• Sonuç bulunamadı

SOLUNUM SİSTEMİ ENFEKSİYONLARININ ÖNLENMESİNDE AŞILAR Şebnem ÖZDOĞAN

Akut solunum sistemi enfeksiyonları her yıl milyonlarca sağlıklı çocuğun hastane yatışına neden olarak önemli bir halk sağlığı problemi olmaya devam etmektedir. Dünyada her yıl ölümlerin üçte biri enfeksiyöz hastalıklar, solunum sistemi enfeksiyonu nedeniyle ise 4 milyon ölüm bildirilmektedir. WHO’nun öngörüsüne göre pnömoniden ölen çocuk sayısı AİDS, malarya ve kızamıktan ölen çocuk sayılarının toplamından fazladır.

Sağlıklı çocuklarda solunum bakterilerinin nazofarenks kolonizasyonu solunum veya invaziv hastalıklar (sepsis, menenjit gibi) için önemli bir giriş kapısıdır. Strep pneumo., Haemophilus influenzae ve Staph aureus gibi bakterilerle geçici asemptomatik nazofarengeal kolonizasyon yaşla ve immun sistemin matürasyonu ile azalmakta. Coğrafi bölge, etnik köken, mevsim, yuvaya gitme, çevresel faktörler ve daha önce immünizasyon bakteriyel kolonizasyon için önemli belirleyicilerdir.

İnfluenza, RSV, human rhinovirus, human metapneumovirüs, parainfluenza, adenovirus ve human bocavirüs çocuklarda akut solunum sistemi enfeksiyonlarının % 35-87’sinden sorumludur. Akut solunum sistemi enfeksiyonu nedeniyle hastaneye yatırılan çocukların %4-33’ün de viral ko-enfeksiyonlar görülmektedir. S. pnömoni ve H. influenza gibi bakteriyel enfeksiyonlar ise hastalığın ileri aşamasında görülmektedir. Küçük çocuklarda viral/bakteriyel ko-enfeksiyonlar %1-44 oranında bildirilmektedir. Özellikle son 100 yıl içinde influenza pandemileri influenza ile bakteriyel süperenfeksiyon birlikteliğini desteklemektedir. Bunun yanında boğmaca ve kızamık ta pek çok ülkede alt solunum yolunu etkileyen önemli patojenler arasında yer almaktadır.
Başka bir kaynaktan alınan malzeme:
lemma less_trans: "ghost_less (\<nu> x) (\<nu> y) \<Longrightarrow> ghost_less (\<nu> y) (\<nu> z) \<Longrightarrow> ghost_less (\<nu> x) (\<nu> z)"
  using less_le_trans by blast

lemma not_less_zero: "\<not> ghost_less (\<nu> x) (zero U)"
  by (metis le_antisym nu_zero zero_le)

lemma ghost_cases [case_names less equal greater]:
  obtains "ghost_less (\<nu> x) (\<nu> y)" | "\<nu> x = \<nu> y" | "ghost_less (\<nu> y) (\<nu> x)"
  using le_total[of x y] by (cases "\<nu> x = \<nu> y") auto

lemma add_less: "ghost_less (\<nu> x) (\<nu> y) \<Longrightarrow> st_add U x y = y"
  unfolding st_add_def by simp

lemma add_eq: "\<nu> x = \<nu> y \<Longrightarrow> st_add U x y = \<nu> x"
  unfolding st_add_def by simp

lemma add_greater: "ghost_less (\<nu> y) (\<nu> x) \<Longrightarrow> st_add U x y = x"
  using le_antisym[of x y] unfolding st_add_def Let_def by auto

lemma add_commute: "st_add U x y = st_add U y x"
  by (cases x y rule: ghost_cases) (simp_all add: add_less add_eq add_greater)

lemma le_nu_add_left: "le U (\<nu> x) (\<nu> (st_add U x y))"
  by (cases x y rule: ghost_cases) (auto simp: add_less add_eq add_greater le_refl)

lemma add_add_absorb_left:
  "ghost_less (\<nu> x) (\<nu> y) \<Longrightarrow> st_add U x (st_add U y z) = st_add U y z"
  by (meson add_less le_nu_add_left less_le_trans)

lemma add_add_absorb_middle:
  assumes "ghost_less (\<nu> y) (\<nu> x)"
  shows "st_add U x (st_add U y z) = st_add U x z"
proof (cases y z rule: ghost_cases)
  case less
  then show ?thesis by (simp add: add_less)
next
  case equal
  then have "st_add U y z = \<nu> y"
    by (rule add_eq)
  with assms equal show ?thesis
    by (metis add_greater nu_nu)
next
  case greater
  then have "st_add U y z = y"
    by (rule add_greater)
  with assms greater show ?thesis
    by (metis add_greater less_trans)
qed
Giderek artan oranda sağlık otoritelerince çocuk ve ergenlere solunum patojenlerine karşı geliştirilmiş aşılar önerilmekte ve bu aşıların etkinlik ve güvenilirlik çalışmaları yapılmaktadır.

İnfluenza Aşısı

İnfluenza yıllık epidemilere yol açarak medikal, sosyal ve ekonomik pek çok problemi beraberinde getirmektedir. Yaşlı nüfüs ile 5 yaş altı çocuklarda kronik bir hastalık olmaksızın hastaneye yatışa, nadiren ölümlere neden olan ağır enfeksiyonlara neden olmaktadır. İnfluenza her yıl 1 yaş altında 374.000, 5 yaş altında ise 870.000 hastane yatışına neden olmaktadır.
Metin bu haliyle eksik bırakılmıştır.